How do I defend this, when I'm going around preaching the virtues of social enterprise? Well, firstly, as you know, I feel that social social enterprises are defined too narrowly - namely by how you use profit and how much of your business you own. Let's focus on this for a second. How many businesses do you know that operate in the social space that are particularly profitable? The whole discussion about 'reinvesting profit' is normally pretty academic for most of these businesses. Truth is, there ain't much profit to begin with.
So then we're discussing ownership. Ownership is a literal, legal thing. You own something when it has value. This can be either monetary value or the other things ownership brings - like control. Owning something normally involves one or the other of these benefits. For me, it is mostly the latter. Ownership of Stepping Out brings me control over it. When I need other people's help with this business in terms of finance or especial commitment, I will share ownership. At some point, I may even share this with employees. But when it is appropriate, fair and just to do so, not when the CIC regulator or trademark says I do.

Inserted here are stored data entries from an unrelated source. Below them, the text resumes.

(* Let $s\geq1$ be an integer, $\alpha'>1>\alpha>0$ and $\theta_1,\theta_2>0$. If $X$ has distribution $\Gamma(\alpha',\theta_1)$ and $Y$ has distribution $\Gamma(\alpha,\theta_2)$, then $X\leq_{s\text{-IFR}}Y$, i.e. the $\Gamma(\alpha',\theta_1)$ distribution is more $s$-IFR than the $\Gamma(\alpha,\theta_2)$ distribution.
   Context: $\Gamma(\alpha,\theta)$ is the Gamma distribution with density $\frac{x^{\alpha-1}e^{-x/\theta}}{\theta^\alpha\Gamma(\alpha)}$, $x>0$. For a nonnegative random variable $X$ with density $f_X$: $\overline{T}_{X,0}=f_X$, $\widetilde{\mu}_{X,0}=1$, and for $s\geq1$, $x\geq0$, $\overline{T}_{X,s}(x)=\frac{1}{\widetilde{\mu}_{X,s-1}}\int_x^\infty \overline{T}_{X,s-1}(t)\,dt$ with $\widetilde{\mu}_{X,s}=\int_0^\infty \overline{T}_{X,s}(t)\,dt$, and $\overline{T}_{X,s}(x)=1$ for $x<0$. We write $X\leq_{s\text{-IFR}}Y$ ("$X$ is more $s$-IFR than $Y$") if $c_s(x)=\overline{T}_{Y,s}^{-1}(\overline{T}_{X,s}(x))$ is convex. *)

theory Defs
  imports "HOL-Analysis.Analysis"
begin

definition gamma_density :: "real \<Rightarrow> real \<Rightarrow> real \<Rightarrow> real" where
  "gamma_density a th x =
     (if x > 0 then x powr (a - 1) * exp (- x / th) / (th powr a * Gamma a) else 0)"

text \<open>Iterated equilibrium tails: sTbar f s = T-bar_{X,s} for a density f;
  smu f s = mu-tilde_{X,s} (with smu f 0 = 1).\<close>
fun sTbar :: "(real \<Rightarrow> real) \<Rightarrow> nat \<Rightarrow> real \<Rightarrow> real" where
  "sTbar f 0 x = f x"
| "sTbar f (Suc s) x =
     (if x < 0 then 1
      else (LINT t:{x..}|lborel. sTbar f s t) /
           (if s = 0 then 1 else LINT t:{0..}|lborel. sTbar f s t))"

definition smu :: "(real \<Rightarrow> real) \<Rightarrow> nat \<Rightarrow> real" where
  "smu f s = (if s = 0 then 1 else LINT t:{0..}|lborel. sTbar f s t)"

text \<open>X (density f) is more s-IFR than Y (density g): the map
  c_s(x) = T_{Y,s}^{-1}(T_{X,s}(x)) is convex on [0,\<infinity>), where the inverse is
  taken of T_{Y,s} restricted to [0,\<infinity>).\<close>
definition more_s_IFR :: "nat \<Rightarrow> (real \<Rightarrow> real) \<Rightarrow> (real \<Rightarrow> real) \<Rightarrow> bool" where
  "more_s_IFR s f g \<longleftrightarrow>
     convex_on {0..} (\<lambda>x. inv_into {0..} (sTbar g s) (sTbar f s x))"

end

theory Submission
  imports Defs "HOL-Real_Asymp.Real_Asymp" "HOL-Probability.Probability_Mass_Function"
begin

(* Let T be the equilibrium tail of a density g on [0,\<infinity>) and r(x) = g(x) / \<integral>_x^\<infinity> g its
   hazard rate, so that (- ln T)' = r.  Since 1/r(x) = \<integral>_0^\<infinity> g(x + u)/g(x) du, r increases
   (decreases) whenever the ratios g(x + u)/g(x) decrease (increase) in x; then ln T is
   concave (convex), which says exactly that the ratios T(x + u)/T(x) decrease (increase)
   again.  For the Gamma density g(x + u)/g(x) = (1 + u/x)^(a-1) e^(-u/\<theta>), so by induction
   every iterated tail of \<Gamma>(\<alpha>',\<theta>1) is log-concave and every one of \<Gamma>(\<alpha>,\<theta>2) is
   log-convex.  Finally, if T_Y(c x) = T_X(x) with ln T_X concave and ln T_Y convex and
   decreasing, then ln T_Y(c((1-t)x + t y)) \<ge> (1-t) ln T_Y(c x) + t ln T_Y(c y)
   \<ge> ln T_Y((1-t) c x + t c y), so c is convex. *)

section \<open>Convexity on the closed half-line\<close>

lemma convex_on_atLeast_0_if_greaterThan_0:
  fixes \<phi> :: "real \<Rightarrow> real"
  assumes cont: "continuous_on {0..} \<phi>" and cv: "convex_on {0<..} \<phi>"
  shows "convex_on {0..} \<phi>"
proof (rule convex_on_linorderI)
  fix t x y :: real
  assume t: "0 < t" "t < 1" and xy: "x \<in> {0..}" "y \<in> {0..}" "x < y"
  show "\<phi> ((1 - t) *\<^sub>R x + t *\<^sub>R y) \<le> (1 - t) * \<phi> x + t * \<phi> y"
  proof (cases "x > 0")
    case True
    then show ?thesis using convex_onD[OF cv, of t x y] t xy by auto
  next
    case False
    then have x0: "x = 0" and y: "y > 0" using xy by auto
    have "\<forall>\<^sub>F e in at_right 0. \<phi> ((1 - t) * e + t * y) \<le> (1 - t) * \<phi> e + t * \<phi> y"
      using eventually_at_right_less[of 0]
      by eventually_elim (use convex_onD[OF cv, of t _ y] t y in auto)
    moreover have "((\<lambda>e. \<phi> ((1 - t) * e + t * y)) \<longlongrightarrow> \<phi> (t * y)) (at_right 0)"
    proof -
      have "isCont \<phi> (t * y)"
        using cont t y by (intro continuous_on_interior[of "{0..}"]) auto
      moreover have "((\<lambda>e. (1 - t) * e + t * y) \<longlongrightarrow> (1 - t) * 0 + t * y) (at_right 0)"
        by (intro tendsto_intros)
      ultimately show ?thesis using isCont_tendsto_compose by fastforce
    qed
    moreover have "((\<lambda>e. (1 - t) * \<phi> e + t * \<phi> y) \<longlongrightarrow> (1 - t) * \<phi> 0 + t * \<phi> y) (at_right 0)"
    proof -
      have "(\<phi> \<longlongrightarrow> \<phi> 0) (at 0 within {0..})"
        using cont by (simp add: continuous_on_def)
      then have "(\<phi> \<longlongrightarrow> \<phi> 0) (at_right 0)"
        by (rule tendsto_mono[rotated]) (rule at_le, auto)
      then show ?thesis by (intro tendsto_intros)
    qed
    ultimately have "\<phi> (t * y) \<le> (1 - t) * \<phi> 0 + t * \<phi> y"
      by (intro tendsto_le[of "at_right 0"]) auto
    then show ?thesis using x0 by simp
  qed
qed (rule convex_real_interval)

By fixing on profit and ownership, the social enterprise mindset overlooks the crucial question of how social entrepreneurs tend to use time. We do not tend to have built up capital so time is still our principal resource. I give away about a quarter of my own time each month. I see it as my contribution. I don't want any praise for this, but it's my decision. It is, however, time which isn't going on building the profitability of my business. It is time taken from the normal business of business to do my tiny bit.
Extending the tent to the many people who use their time and resources for social purposes - people who use time as well as money in an entrepreneurial way would be, for me, welcome. Because the brutal truth would be that if I registered Stepping Out as a CIC, I would need to give up virtually all of the things I am doing outside of work in order to get my 50% of profit required to eke out my life. Yes, there'd be profit to give away - but next to the benefits of my donated time I am unconvinced it would be a better way forward.
Overall, there is more to being a social entrepreneur and enterprise than being owned by other people and giving half of your profit away. It's about how you use your time too. This is the one resource you have to enrich either yourself or others. How you use it is one of life's biggest decisions. It should therefore be part of the modern account of how we describe the social entrepreneur.